We will show the following theorem. Theorem Let $k$ be a product of distinct primes congruent to $5\bmod 6$. For $( a,b) \in \mathbb{N}^{2}$, $\frac{a^{3} +b^{3}}{ab+4} =4k$ if and only if $\{a,b\} =\{2k+1,2k-1\}$.

Are you guys kidding? This is a P1, so chances are it must admit a simple solution. Here is a simpler one. I claim $(1011,1009)$ and $(1009,1011)$ are the only solutions. Note that $2020=4\cdot 5 \cdot 101$, and keep in mind that $101$ and $5$ are both primes of form $6\ell-1$. In particular, for such primes $p$, it is very well-known that $-3$ is not a quadratic residue modulo $p$. Equipped with this fact, we now attack the problem. We have $$ (a+b)(a^2-ab+b^2)=2020(ab+4). $$Observe that if $101\mid a$, then $101\mid b$ as well, but since $v_{101}(2020)=1$, this is not possible. Thus, $101\nmid a,b$. Similarly, $5\nmid a,b$. Suppose now that $101\mid a^2-ab+b^2 \Rightarrow 101\mid (2a-b)^2+3b^2$. Since $101\nmid b$, it then follows that $-3$ is a quadratic residue modulo $101$, not possible. Thus, $101\mid a+b$; and similarly, $5\mid a+b$. This means $a^2-ab+b^2 $ is of form $x_1 y_1$, where $y_1$ is a divisor of $ab+4$, and $x_1\mid 4$. Furthermore, $a$ and $b$ clearly have the same parity. This yields $$ a^2-ab+b^2\mid 2(ab+4). $$Now, two cases to consider: if $a,b$ are both odd, so do $a^2-ab+b^2$. Hence, $a^2-ab+b^2\mid ab+4$. In particular, $(a-b)^2\leqslant 4$. Now clearly $a\neq b$, and furthermore, $a-b=1$ is impossible since both are odd. Thus, if $a$ and $b$ are both odd, then $|a-b|=2$. Inserting this back to the equation, we immediately conclude that $(a,b)=(1011,1009)$ and $(1009,1011)$ are solutions. Now suppose $a,b$ are both even, and let $a=2a_1$ and $b=2b_1$. Then, $a_1^2-a_1b_1+b_1^2\mid 2a_1b_1+2$. Now, if $a_1,b_1$ are both even, then $4\mid a_1^2-a_1b_1+b_1^2$, but $2\mid\mid 2a_1b_1+2$. Thus, either $a_1$ and $b_1$ are both odd, or one of them is even; and the other is odd. In both cases; $a_1^2-a_1b_1+b_1^2$ is odd, hence $a_1^2-a_1b_1+b_1^2\mid a_1b_1+1$, that is, $|a_1-b_1|=1$. Inserting this back, however, we immediately conclude that this brings no solutions. Hence, $(1011,1009)$ and $(1009,1011)$ are the only solutions, as claimed earlier.

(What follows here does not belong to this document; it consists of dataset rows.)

lemma one_minus_cos_le: "1 - cos z \<le> (z::real)\<^sup>2 / 2"
proof -
  have "1 - cos z = 2 * (sin (z / 2))\<^sup>2"
    using cos_double_sin[of "z / 2"] by simp
  also have "(sin (z / 2))\<^sup>2 \<le> (z / 2)\<^sup>2"
    using abs_sin_x_le_abs_x[of "z / 2"] by (metis abs_ge_zero power2_abs power_mono)
  finally show ?thesis by (simp add: power_divide)
qed

definition angle_cell :: "nat \<Rightarrow> real \<Rightarrow> nat" where
  "angle_cell K x = nat \<lfloor>bern_angle x * (2 * real K / pi)\<rfloor>"

lemma angle_cell_le:
  assumes "0 \<le> x" "x \<le> 1"
  shows "angle_cell K x \<le> K"
proof -
  have "bern_angle x * (2 * real K / pi) \<le> pi / 2 * (2 * real K / pi)"
    using bern_angle_bounds[OF assms] by (intro mult_right_mono) auto
  then show ?thesis unfolding angle_cell_def by simp linarith
qed

lemma cos_bern_angle_diff_ge:
  assumes "0 \<le> x" "x \<le> 1" "0 \<le> x'" "x' \<le> 1" "K > 0" "angle_cell K x = angle_cell K x'"
  shows "1 - pi\<^sup>2 / (8 * (real K)\<^sup>2) \<le> cos (bern_angle x - bern_angle x')"
proof -
  define a where "a = bern_angle x * (2 * real K / pi)"
  define a' where "a' = bern_angle x' * (2 * real K / pi)"
  have "0 \<le> a" "0 \<le> a'"
    using bern_angle_bounds assms by (auto simp: a_def a'_def)
  then have "\<lfloor>a\<rfloor> = \<lfloor>a'\<rfloor>"
    using assms(6) unfolding angle_cell_def a_def[symmetric] a'_def[symmetric] by (simp add: nat_eq_iff2)
  then have "\<bar>a - a'\<bar> < 1" by linarith
  moreover have "a - a' = (bern_angle x - bern_angle x') * (2 * real K / pi)"
    by (simp only: a_def a'_def left_diff_distrib)
  ultimately have "\<bar>bern_angle x - bern_angle x'\<bar> * (2 * real K / pi) < 1"
    by (simp add: abs_mult)
  then have "\<bar>bern_angle x - bern_angle x'\<bar> \<le> pi / (2 * real K)"
    using \<open>K > 0\<close> by (simp add: field_simps)
  then have "(bern_angle x - bern_angle x')\<^sup>2 \<le> (pi / (2 * real K))\<^sup>2"
    by (metis abs_ge_zero power2_abs power_mono)
  then show ?thesis
    using one_minus_cos_le[of "bern_angle x - bern_angle x'"] by (simp add: power_divide)
qed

We have $$\frac{(a+b)(a^2-ab+b^2)}{ab+4}=2020=2^2.5.101\Rightarrow (a+b)(a^2-ab+b^2)=2^2.5.101.(ab+4)$$ Now, If $5\mid a^2-ab+b^2$, since $5\neq 12k\pm1$, we know that $-3$ is not a quadratic residue in modulo $5$. Then it follows that $a^2-ab+b^2\equiv0\rightarrow \frac({2a-b}{b})^2\equiv-3\mod5$, if $5\nmid a,b$ and obviously, its impossible. $\Rightarrow 5\mid a,b$ The result here is that we must have $5\mid a+b$. Same applies for $101$ too. Finally we get $505\mid a+b$. Wlog let $a\geq b$. If $a-b=0$, or $a=b$, we have $$\frac{2a^3}{a^2+4}\in\mathbb Z\Rightarrow 2a.(a^2)\equiv 2a.(-4)\equiv-8a\mod a^2+4\Rightarrow a^2+4\mid 8a\Rightarrow a\leq 8$$But this gives $a+b=2a\leq16$, which is not divisible by $505$. If $a-b=1$, you can see it is not possible by doing the same thing. If $a-b\geq2$, we have $$2020=(a+b)\frac{a^2-ab+b^2}{ab+4}=(a+b)\frac{ab+(a-b)^2}{ab+4}\geq (a+b)\frac{ab+4}{ab+4}=a+b$$ So we get $505\mid a+b$, $a+b\leq2020$, So there are $4$ cases we need to investigate, let $a+b=505k.\Rightarrow$ $$4=k.\frac{a^2-ab+b^2}{ab+4}~\text{and}~k=\{1,2,3,4\}$$ Simply trying them yields $k=4$, $a-b=2$ as the only solution. $\Rightarrow a+b=2020, a-b=2\rightarrow a=1011, b=1009$. And its symmetrical is a solution too. (We let $a\geq b$ at the beginning, now we are going back to it.)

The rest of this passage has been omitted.